More generally, the problem is that there are not enough medical masks to go around, even if reserved for health workers. The solution is to make more medical masks. The best way to do so is to heavily reward producers when they make and sell masks. This can be accomplished via large subsidies for each mask purchased. Concurrently, the government should use the Defense Production Act to directly produce medical masks at facilities that might not otherwise do so. But it is important to also reward private production. Incentivizing the private sector to produce masks serves three critical purposes: 1) they will produce more masks now, 2) they will invest in scaling up mask production capacity, which will save many lives as the pandemic spreads through the rest of the world, and 3) if mask producers know they will be heavily rewarded, they will be incentivized to produce a stockpile of masks for future pandemics. The value generated by each additional mask means it is almost impossible to go overboard in subsidizing the production of medical masks.

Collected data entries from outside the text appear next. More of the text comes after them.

lemma doubleton_in_edges_in: "{a, b} \<in> edges_in V \<longleftrightarrow> a \<in> V \<and> b \<in> V \<and> a \<noteq> b"
  by (auto simp: edges_in_def doubleton_eq_iff)

lemma edges_in_mono: "V \<subseteq> W \<Longrightarrow> edges_in V \<subseteq> edges_in W"
  by (auto simp: edges_in_def)

lemma finite_edge_set: "finite V \<Longrightarrow> T \<subseteq> edges_in V \<Longrightarrow> finite T"
  by (rule finite_subset[of _ "Pow V"]) (auto simp: edges_in_def)

lemma finite_spanning_trees: "finite V \<Longrightarrow> finite (spanning_trees V)"
  by (rule finite_subset[of _ "Pow (edges_in V)"]) (auto simp: spanning_trees_def finite_edge_set)

lemma finite_spanning_tree: "finite V \<Longrightarrow> T \<in> spanning_trees V \<Longrightarrow> finite T"
  by (simp add: spanning_trees_def finite_edge_set)

lemma connects_image:
  assumes "connects T V" and "\<And>a b. {a, b} \<in> T \<Longrightarrow> (f a, f b) \<in> (adjacency T')\<^sup>*"
  shows "connects T' (f ` V)"
proof -
  have "(f i, f j) \<in> (adjacency T')\<^sup>*" if "(i, j) \<in> (adjacency T)\<^sup>*" for i j
    using that
  proof (induction rule: rtrancl_induct)
    case (step j k)
    then show ?case
      using assms(2)[of j k] by (simp add: adjacency_def)
  qed simp
  then show ?thesis
    using assms(1) by (auto simp: connects_def)
qed

lemma connects_insert_vertex:
  assumes "connects T V" and "y \<in> V" and "{x, y} \<in> T"
  shows "connects T (insert x V)"
proof -
  have "(x, y) \<in> (adjacency T)\<^sup>*" "(y, x) \<in> (adjacency T)\<^sup>*"
    using assms(3) by (auto simp: adjacency_def insert_commute)
  then show ?thesis
    using assms(1,2) unfolding connects_def by (blast intro: rtrancl_trans)
qed

lemma reachable_from_outside:
  assumes "T \<subseteq> edges_in V" and "x \<notin> V" and "(x, y) \<in> (adjacency T)\<^sup>*"
  shows "y = x"
  using assms(3)
proof (cases rule: converse_rtranclE)
  case (step b)
  then show ?thesis
    using assms(1,2) by (auto simp: adjacency_def doubleton_in_edges_in dest!: subsetD)
qed simp

lemma connects_insert_leaf:
  assumes "x \<notin> V" and "y \<in> V" and "T \<subseteq> edges_in V"
  shows "connects (insert {x, y} T) (insert x V) \<longleftrightarrow> connects T V"
proof
  assume "connects (insert {x, y} T) (insert x V)"
  then have "connects T ((\<lambda>a. if a = x then y else a) ` insert x V)"
    by (rule connects_image)
      (use assms in \<open>auto simp: doubleton_eq_iff adjacency_def doubleton_in_edges_in dest!: subsetD\<close>)
  moreover have "(\<lambda>a. if a = x then y else a) ` insert x V = V"
    using assms(1,2) by auto
  ultimately show "connects T V"
    by simp
next
  assume "connects T V"
  then have "connects (insert {x, y} T) (id ` V)"
    by (rule connects_image) (auto simp: adjacency_def)
  then show "connects (insert {x, y} T) (insert x V)"
    using assms(2) by (intro connects_insert_vertex) auto
qed

lemma connects_insert_path:
  assumes "x \<notin> V" and "u \<in> V" and "z \<in> V" and "T \<subseteq> edges_in V"
  shows "connects (insert {u, x} (insert {x, z} T)) (insert x V) \<longleftrightarrow> connects (insert {u, z} T) V"
proof
  assume "connects (insert {u, x} (insert {x, z} T)) (insert x V)"
  then have "connects (insert {u, z} T) ((\<lambda>a. if a = x then u else a) ` insert x V)"
    by (rule connects_image)
      (use assms in \<open>auto simp: doubleton_eq_iff adjacency_def doubleton_in_edges_in dest!: subsetD\<close>)
  moreover have "(\<lambda>a. if a = x then u else a) ` insert x V = V"
    using assms(1,2) by auto
  ultimately show "connects (insert {u, z} T) V"
    by simp
next
  let ?T' = "insert {u, x} (insert {x, z} T)"
  assume "connects (insert {u, z} T) V"
  moreover have "(a, b) \<in> (adjacency ?T')\<^sup>*" if "{a, b} \<in> insert {u, z} T" for a b
  proof -
    have "(u, x) \<in> adjacency ?T'" "(x, z) \<in> adjacency ?T'"
      "(z, x) \<in> adjacency ?T'" "(x, u) \<in> adjacency ?T'"
      by (auto simp: adjacency_def insert_commute)
    then show ?thesis
      using that by (auto simp: doubleton_eq_iff adjacency_def intro: rtrancl_into_rtrancl)
  qed
  ultimately have "connects ?T' (id ` V)"
    by (intro connects_image) auto
  then show "connects ?T' (insert x V)"
    using assms(2) by (intro connects_insert_vertex[of _ _ u]) (auto simp: insert_commute)
qed

lemma edge_notin_edges_in: "T \<subseteq> edges_in V \<Longrightarrow> x \<notin> V \<Longrightarrow> {x, y} \<notin> T"
  by (auto simp: doubleton_in_edges_in)

lemma spanning_trees_insert_leaf:
  assumes "finite V" and "x \<notin> V" and "y \<in> V" and "T \<subseteq> edges_in V"
  shows "insert {x, y} T \<in> spanning_trees (insert x V) \<longleftrightarrow> T \<in> spanning_trees V"
proof -
  have "finite T"
    using assms(1,4) by (rule finite_edge_set)
  moreover have "{x, y} \<notin> T"
    using edge_notin_edges_in[OF assms(4,2)] .
  moreover have "0 < card V"
    using assms(1,3) card_gt_0_iff by blast
  moreover have "insert {x, y} T \<subseteq> edges_in (insert x V)"
    using assms edges_in_mono[of V "insert x V"] by (auto intro: edges_inI)
  ultimately show ?thesis
    using assms by (auto simp: spanning_trees_def connects_insert_leaf)
qed

lemma spanning_trees_insert_path:
  assumes "finite V" and "x \<notin> V" and "u \<in> V" and "z \<in> V" and "u \<noteq> z"
    and "T \<subseteq> edges_in V" and "{u, z} \<notin> T"
  shows "insert {u, x} (insert {x, z} T) \<in> spanning_trees (insert x V)
    \<longleftrightarrow> insert {u, z} T \<in> spanning_trees V"
proof -
  have "finite T"
    using assms(1,6) by (rule finite_edge_set)
  moreover have "{x, z} \<notin> T" "{u, x} \<notin> insert {x, z} T"
    using assms edge_notin_edges_in[OF assms(6,2), of z] edge_notin_edges_in[OF assms(6,2), of u]
    by (auto simp: doubleton_eq_iff insert_commute)
  moreover have "card V \<ge> 2"
    using assms card_mono[of V "{u, z}"] by auto
  moreover have "insert {u, x} (insert {x, z} T) \<subseteq> edges_in (insert x V)"
    "insert {u, z} T \<subseteq> edges_in V"
    using assms edges_in_mono[of V "insert x V"] by (auto intro: edges_inI)
  ultimately show ?thesis
    using assms by (auto simp: spanning_trees_def connects_insert_path)
qed

definition tree_sum :: "'a set \<Rightarrow> ('a set \<Rightarrow> 'w::comm_semiring_1) \<Rightarrow> 'w" where
  "tree_sum V w = (\<Sum>T\<in>spanning_trees V. prod w T)"

definition tree_sum_avoiding :: "'a set \<Rightarrow> ('a set \<Rightarrow> 'w::comm_semiring_1) \<Rightarrow> 'a set \<Rightarrow> 'w" where
  "tree_sum_avoiding V w d = (\<Sum>T | T \<in> spanning_trees V \<and> d \<notin> T. prod w T)"

definition tree_sum_through :: "'a set \<Rightarrow> ('a set \<Rightarrow> 'w::comm_semiring_1) \<Rightarrow> 'a set \<Rightarrow> 'w" where
  "tree_sum_through V w d = (\<Sum>T | T \<in> spanning_trees V \<and> d \<in> T. prod w (T - {d}))"

lemma sum_split_filter: "finite A \<Longrightarrow> sum f A = sum f {x \<in> A. P x} + sum f {x \<in> A. \<not> P x}"
  using sum.Int_Diff[of A f "{x. P x}"] by (simp add: Int_def set_diff_eq)

lemma tree_sum_split:
  assumes "finite V"
  shows "tree_sum V w = tree_sum_avoiding V w d + w d * tree_sum_through V w d"
proof -
  have "tree_sum V w = (\<Sum>T | T \<in> spanning_trees V \<and> d \<in> T. prod w T) + tree_sum_avoiding V w d"
    using sum_split_filter[OF finite_spanning_trees[OF assms], of "prod w" "\<lambda>T. d \<in> T"]
    by (simp add: tree_sum_def tree_sum_avoiding_def)
  also have "(\<Sum>T | T \<in> spanning_trees V \<and> d \<in> T. prod w T) = w d * tree_sum_through V w d"
    unfolding tree_sum_through_def sum_distrib_left
    by (rule sum.cong) (auto intro: prod.remove finite_spanning_tree[OF assms])
  finally show ?thesis
    by (simp add: add.commute)
qed

lemma tree_sum_cong:
  "(\<And>d. d \<in> edges_in V \<Longrightarrow> w d = w' d) \<Longrightarrow> tree_sum V w = tree_sum V w'"
  unfolding tree_sum_def by (auto intro!: sum.cong prod.cong simp: spanning_trees_def)

lemma tree_sum_avoiding_cong:
  "(\<And>d'. d' \<in> edges_in V \<Longrightarrow> d' \<noteq> d \<Longrightarrow> w d' = w' d')
    \<Longrightarrow> tree_sum_avoiding V w d = tree_sum_avoiding V w' d"
  unfolding tree_sum_avoiding_def by (auto intro!: sum.cong prod.cong simp: spanning_trees_def)
(* Let $\mu$ be a Borel probability measure on $\mathbb{R}^d$ with $\operatorname{spt}(\mu)\subseteq[0,1]^d$. If $\mathcal{Z}(\mu)\neq\emptyset$, then $\operatorname{spt}(\mu)\subseteq[0,1]^d\setminus(0,1)^d$.
   Context: $\operatorname{spt}(\mu)$ is the support of $\mu$ (smallest closed set of full measure). $\widehat{\mu}(\xi)=\int e^{-2\pi i\xi\cdot x}d\mu(x)$ and $\mathcal{Z}(\mu)=\{\xi\in\mathbb{R}^d:\widehat{\mu}(\xi+k)=0\text{ for all }k\in\mathbb{Z}^d\}$. *)

theory Defs
  imports "HOL-Probability.Probability"
begin

definition spt :: "'a::topological_space measure \<Rightarrow> 'a set" where
  "spt M = \<Inter>{C. closed C \<and> emeasure M (space M - C) = 0}"

definition fourier :: "(real ^ 'n) measure \<Rightarrow> real ^ 'n \<Rightarrow> complex" where
  "fourier M \<xi> = (LINT x|M. cis (- 2 * pi * (\<xi> \<bullet> x)))"

definition int_lattice :: "(real ^ 'n) set" where
  "int_lattice = {k. \<forall>i. k $ i \<in> \<int>}"

definition zero_set :: "(real ^ 'n) measure \<Rightarrow> (real ^ 'n) set" where
  "zero_set M = {\<xi>. \<forall>k \<in> int_lattice. fourier M (\<xi> + k) = 0}"

definition closed_unit_cube :: "(real ^ 'n) set" where
  "closed_unit_cube = {x. \<forall>i. 0 \<le> x $ i \<and> x $ i \<le> 1}"

definition open_unit_cube :: "(real ^ 'n) set" where
  "open_unit_cube = {x. \<forall>i. 0 < x $ i \<and> x $ i < 1}"

end

theory Submission
  imports Defs
begin

(* Fix \<xi> in the zero set. For a trigonometric polynomial q with integer frequencies,
  \<integral> e^(-2\<pi>i\<xi>x) q(x) d\<mu> is a combination of the values \<mu>^(\<xi> - k), k \<in> Z^d, hence 0.
  A continuous G on the cube that vanishes on its boundary factors continuously through the torus
  embedding x \<mapsto> (cos 2\<pi>x, sin 2\<pi>x), so Stone-Weierstrass makes it a uniform limit of such q
  on the cube; since \<mu> lives on the cube, \<integral> e^(-2\<pi>i\<xi>x) G(x) d\<mu> = 0 as well. Taking
  G(x) = e^(2\<pi>i\<xi>x) g(x) with g the distance to the complement of (0,1)^d gives \<integral> g d\<mu> = 0,
  and g > 0 exactly on (0,1)^d, so \<mu>((0,1)^d) = 0. *)

lemma int_lattice_add: "k \<in> int_lattice \<Longrightarrow> m \<in> int_lattice \<Longrightarrow> k + m \<in> int_lattice"
  by (auto simp: int_lattice_def)
lemma meas_conj_pushforward: "meas_conj shift \<mu> odo_act pushforward"
  unfolding meas_conj_def
proof (intro exI conjI)
  let ?Y = "factor_map ` A r \<Gamma> D i"
  show "A r \<Gamma> D i \<in> sets \<mu>" by (rule sets_A)
  show "?Y \<in> sets pushforward" using sets_factor_map_image by simp
  have "prob_space \<mu>" using invariant_mu unfolding invariant_prob_def by blast
  moreover have "emeasure \<mu> (space \<mu> - A r \<Gamma> D i) = emeasure \<mu> (space \<mu>) - emeasure \<mu> (A r \<Gamma> D i)"
    using A_full by (intro emeasure_compl[OF sets_A]) simp
  ultimately show "emeasure \<mu> (space \<mu> - A r \<Gamma> D i) = 0"
    using A_full by (simp add: prob_space.emeasure_space_1)
  have "odometer \<Gamma> - ?Y \<in> sets (odometer_space \<Gamma>)"
    using sets.compl_sets[OF sets_factor_map_image] by simp
  moreover have "factor_map -` (odometer \<Gamma> - ?Y) \<inter> A r \<Gamma> D i = {}" by auto
  ultimately show "emeasure pushforward (space pushforward - ?Y) = 0"
    by (simp add: emeasure_pushforward)
  show "\<forall>g. \<forall>x\<in>A r \<Gamma> D i. shift g x \<in> A r \<Gamma> D i" using shift_mem_A by blast
  show "\<forall>g. \<forall>y\<in>?Y. odo_act g y \<in> ?Y"
  proof (intro allI ballI)
    fix g y assume "y \<in> ?Y"
    then obtain x where x: "x \<in> A r \<Gamma> D i" "y = factor_map x" by blast
    then have "odo_act g y = factor_map (shift g x)" using factor_map_A_shift by simp
    moreover have "shift g x \<in> A r \<Gamma> D i" using shift_mem_A x(1) by blast
    ultimately show "odo_act g y \<in> ?Y" by blast
  qed
  show "bij_betw factor_map (A r \<Gamma> D i) ?Y" using inj_on_factor_map by (simp add: bij_betw_def)
  have "factor_map \<in> measurable \<mu>\<^sub>A pushforward"
    using measurable_factor_map by (simp cong: measurable_cong_sets)
  then show "factor_map \<in> measurable \<mu>\<^sub>A (restrict_space pushforward ?Y)"
    by (intro measurable_restrict_space2) auto
  have decode: "decode \<in> measurable (restrict_space pushforward ?Y) \<mu>\<^sub>A"
  proof (rule measurable_restrict_space2)
    show "decode \<in> space (restrict_space pushforward ?Y) \<rightarrow> A r \<Gamma> D i"
      using decode_factor_map by (auto simp: space_restrict_space)
    have "decode \<in> measurable (restrict_space (odometer_space \<Gamma>) ?Y) (restrict_space borel (Xsh r \<Gamma> D))"
      using A_subset_space space_mu decode_factor_map
      by (intro measurable_restrict_space3[OF measurable_decode]) auto
    then show "decode \<in> measurable (restrict_space pushforward ?Y) \<mu>"
      using measurable_cong_sets[OF sets_restrict_space_cong[OF sets_pushforward] sets_mu] by simp
  qed
  have decode_eq: "decode y = the_inv_into (A r \<Gamma> D i) factor_map y"
    if "y \<in> space (restrict_space pushforward ?Y)" for y
    using that decode_factor_map the_inv_into_f_f[OF inj_on_factor_map]
    by (auto simp: space_restrict_space)
  show "the_inv_into (A r \<Gamma> D i) factor_map \<in> measurable (restrict_space pushforward ?Y) \<mu>\<^sub>A"
    using measurable_cong[THEN iffD1, OF decode_eq decode] .
  show "\<forall>g. \<forall>x\<in>A r \<Gamma> D i. factor_map (shift g x) = odo_act g (factor_map x)"
    using factor_map_A_shift by blast
  show "\<forall>B\<in>sets pushforward. B \<subseteq> ?Y \<longrightarrow> emeasure pushforward B = emeasure \<mu> (factor_map -` B \<inter> A r \<Gamma> D i)"
    by (simp add: emeasure_pushforward)
qed

end

theorem proposition5p8:
  fixes r :: nat and \<Gamma> D :: "nat \<Rightarrow> 'g::{group_add,countable} set"
    and \<mu> :: "('g \<Rightarrow> nat) measure" and i :: nat
  assumes "toeplitz_setting r \<Gamma> D"
    and "sets \<mu> = sets (restrict_space borel (Xsh r \<Gamma> D))"
    and "space \<mu> = Xsh r \<Gamma> D"
    and "invariant_prob shift \<mu>"
    and "1 \<le> i" and "i \<le> r"
    and "emeasure \<mu> (A r \<Gamma> D i) = 1"
  shows "(\<exists>\<nu>. sets \<nu> = sets (odometer_space \<Gamma>) \<and> space \<nu> = odometer \<Gamma> \<and> invariant_prob odo_act \<nu>)
    \<and> (\<forall>\<nu>. sets \<nu> = sets (odometer_space \<Gamma>) \<and> space \<nu> = odometer \<Gamma> \<and> invariant_prob odo_act \<nu>
           \<longrightarrow> meas_conj shift \<mu> odo_act \<nu>)"
proof -
  interpret toeplitz_measure r \<Gamma> D i \<mu>
    using assms(1-4,7) by unfold_locales
  show ?thesis
  proof (intro conjI allI impI)
    show "\<exists>\<nu>. sets \<nu> = sets (odometer_space \<Gamma>) \<and> space \<nu> = odometer \<Gamma> \<and> invariant_prob odo_act \<nu>"
      using invariant_prob_pushforward by (intro exI[of _ pushforward]) simp
    fix \<nu>
    assume "sets \<nu> = sets (odometer_space \<Gamma>) \<and> space \<nu> = odometer \<Gamma> \<and> invariant_prob odo_act \<nu>"
    then have "\<nu> = pushforward"
      using invariant_prob_pushforward by (intro invariant_odometer_measure_unique) simp_all
    with meas_conj_pushforward show "meas_conj shift \<mu> odo_act \<nu>" by simp
  qed
qed

end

What data are you looking at to understand how masks might impact the spread of COVID-19?

“In labratory experiments, one can see directly that masks reduce the amount of virus found in exhaled breaths.”

Our analysis combines data from a variety of sources. The most compelling and direct data for the effectiveness of masks in preventing transmission comes from laboratory experiments that others have done, where one can see directly that masks reduce the amount of virus found in exhaled breaths. This is the reason that people who test positive for the virus have always been instructed to wear masks. That data alone does not tell us how much masks might slow the spread of the epidemic.

We also ask whether countries with pre-existing norms that people wear masks when sick have slower growth rates of cases and COVID-19 deaths. The idea is that in those countries, people are more likely to wear masks if they have only minimal symptoms but haven’t yet tested positive. We find that in those countries, the epidemic spread more slowly. This evidence is only suggestive as there are many other differences between countries besides masks. In South Korea, there was more testing. In Japan, handshakes are less common. We try to control for some policy differences but can’t control for everything. We see this as not dispositive but as one more piece of evidence suggesting that masks help slow the spread of the virus, which, when coupled with evidence from other sources, provides a very compelling case.

In our economic analysis, we adopt a more conservative stance. We ask what is implied if masks only reduce by 10% the likelihood that an infected person transmits the virus (even though our cross-country analysis suggests the impact might be much larger). Because the stakes are so large, even a 10% reduction implies $3,000-$6,000 in value per mask! This is because the epidemiological models suggest that so many people are at risk of becoming infected and dying. Even if we think those models overstate things by a factor of 10, cloth masks would still have at least $300 in value per person. The gains from universal adoption are extremely large no matter how you calculate them.